11th Annual Conference of the International Speech Communication Association

Makuhari, Chiba, Japan
September 26-30. 2010

The Use of Air-Pressure Sensor in Electrolaryngeal Speech Enhancement Based on Statistical Voice Conversion

Keigo Nakamura, Tomoki Toda, Hiroshi Saruwatari, Kiyohiro Shikano

NAIST, Japan

In our previous work, we proposed a speaking-aid system converting electrolaryngeal speech (EL speech) to normal speech using a statistical voice conversion technique. The main weakness of our system is the difficulty of estimating natural contours of the fundamental frequency (F0) from EL speech including only built-in F0 contours.

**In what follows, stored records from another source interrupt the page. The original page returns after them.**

text \<open>n-th iterate of the Ruelle operator applied to 1:
  L^{w,n} 1 (x) = sum over y in X_w with T^n y = x of exp(phi_n^w(y))\<close>
definition Lop :: "('w \<Rightarrow> 'w) \<Rightarrow> ('w \<Rightarrow> enat) \<Rightarrow> ('w \<Rightarrow> nat \<Rightarrow> nat \<Rightarrow> bool) \<Rightarrow> ('w \<Rightarrow> seqn \<Rightarrow> real) \<Rightarrow> 'w \<Rightarrow> nat \<Rightarrow> seqn \<Rightarrow> ennreal" where
  "Lop th ell alpha phi w n x =
     (\<integral>\<^sup>+ y. ennreal (exp (phin phi th w n y))
        \<partial>count_space {y \<in> Xfib th ell alpha w. shiftn n y = x})"

definition elog :: "ennreal \<Rightarrow> ereal" where
  "elog t = (if t = \<top> then \<infinity> else if t = 0 then - \<infinity> else ereal (ln (enn2real t)))"

text \<open>(S1): integral of log sup L1 < infinity (positive part integrable);
      (S2): integral of log inf L1 > -infinity (negative part integrable)\<close>
definition S1 :: "'w measure \<Rightarrow> ('w \<Rightarrow> 'w) \<Rightarrow> ('w \<Rightarrow> enat) \<Rightarrow> ('w \<Rightarrow> nat \<Rightarrow> nat \<Rightarrow> bool) \<Rightarrow> ('w \<Rightarrow> seqn \<Rightarrow> real) \<Rightarrow> bool" where
  "S1 M th ell alpha phi \<longleftrightarrow>
     (\<integral>\<^sup>+ w. e2ennreal (elog (SUP x \<in> Xfib th ell alpha (th w). Lop th ell alpha phi w 1 x)) \<partial>M) < \<infinity>"

definition S2 :: "'w measure \<Rightarrow> ('w \<Rightarrow> 'w) \<Rightarrow> ('w \<Rightarrow> enat) \<Rightarrow> ('w \<Rightarrow> nat \<Rightarrow> nat \<Rightarrow> bool) \<Rightarrow> ('w \<Rightarrow> seqn \<Rightarrow> real) \<Rightarrow> bool" where
  "S2 M th ell alpha phi \<longleftrightarrow>
     (\<integral>\<^sup>+ w. e2ennreal (- elog (INF x \<in> Xfib th ell alpha (th w). Lop th ell alpha phi w 1 x)) \<partial>M) < \<infinity>"

definition topmix :: "'w measure \<Rightarrow> ('w \<Rightarrow> 'w) \<Rightarrow> ('w \<Rightarrow> enat) \<Rightarrow> ('w \<Rightarrow> nat \<Rightarrow> nat \<Rightarrow> bool) \<Rightarrow> bool" where
  "topmix M th ell alpha \<longleftrightarrow>
     (\<forall>a b. [a] \<in> Wn M th ell alpha 1 \<and> [b] \<in> Wn M th ell alpha 1 \<longrightarrow>
        (\<exists>N :: 'w \<Rightarrow> nat. N \<in> measurable M (count_space UNIV) \<and>
          (AE w in M. \<forall>n. w \<in> Omega_w M th ell alpha [a] \<and> N w \<le> n
              \<and> (th ^^ n) w \<in> Omega_w M th ell alpha [b] \<longrightarrow>
             cyl th ell alpha w [a] \<inter> {x. shiftn n x \<in> cyl th ell alpha ((th ^^ n) w) [b]} \<noteq> {})))"

definition Pser :: "('w \<Rightarrow> 'w) \<Rightarrow> ('w \<Rightarrow> enat) \<Rightarrow> ('w \<Rightarrow> nat \<Rightarrow> nat \<Rightarrow> bool) \<Rightarrow> ('w \<Rightarrow> seqn \<Rightarrow> real)
      \<Rightarrow> 'w set \<Rightarrow> ('w \<Rightarrow> seqn) \<Rightarrow> 'w \<Rightarrow> real \<Rightarrow> ennreal" where
  "Pser th ell alpha phi Ot xi w s =
     (\<Sum>n. if (th ^^ n) w \<in> Ot then ennreal (s ^ n) * Lop th ell alpha phi w n (xi ((th ^^ n) w)) else 0)"

text \<open>Divergence type, with the relative Gurevic pressure P_G represented by the real PG:
  the series P_w(s) is finite for s < exp(-PG) and infinite at s = exp(-PG).\<close>
definition divergence_type :: "'w measure \<Rightarrow> ('w \<Rightarrow> 'w) \<Rightarrow> ('w \<Rightarrow> enat) \<Rightarrow> ('w \<Rightarrow> nat \<Rightarrow> nat \<Rightarrow> bool)
      \<Rightarrow> ('w \<Rightarrow> seqn \<Rightarrow> real) \<Rightarrow> real \<Rightarrow> nat \<Rightarrow> ('w \<Rightarrow> seqn) \<Rightarrow> 'w set \<Rightarrow> bool" where
  "divergence_type M th ell alpha phi PG a xi Ot \<longleftrightarrow>
     [a] \<in> Wn M th ell alpha 1 \<and> xi \<in> measurable M SeqM
     \<and> (AE w in M. xi w \<in> Xfib th ell alpha w)
     \<and> (AE w in M. w \<in> Omega_w M th ell alpha [a] \<longrightarrow> xi w \<in> cyl th ell alpha w [a])
     \<and> Ot \<in> sets M \<and> Ot \<subseteq> Omega_w M th ell alpha [a] \<and> measure M Ot > 0
     \<and> (AE w in M. (\<forall>s. 0 \<le> s \<and> s < exp (- PG) \<longrightarrow> Pser th ell alpha phi Ot xi w s < \<infinity>)
                   \<and> Pser th ell alpha phi Ot xi w (exp (- PG)) = \<infinity>)"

This paper proposes another speaking-aid system with an air-pressure sensor to enable laryngectomees to control F0 contours of the EL speech using their breathing air. The experimental result demonstrates that 1) the correlation coefficient of F0 contours between the converted and the target speech is improved from 0.58 to 0.78 by the use of the air-pressure sensor and 2) the synthetic speech converted by the proposed system sounds more natural and is more preferred to that by our conventional aid system.

Full Paper

Bibliographic reference.  Nakamura, Keigo / Toda, Tomoki / Saruwatari, Hiroshi / Shikano, Kiyohiro (2010): "The use of air-pressure sensor in electrolaryngeal speech enhancement based on statistical voice conversion", In INTERSPEECH-2010, 1628-1631.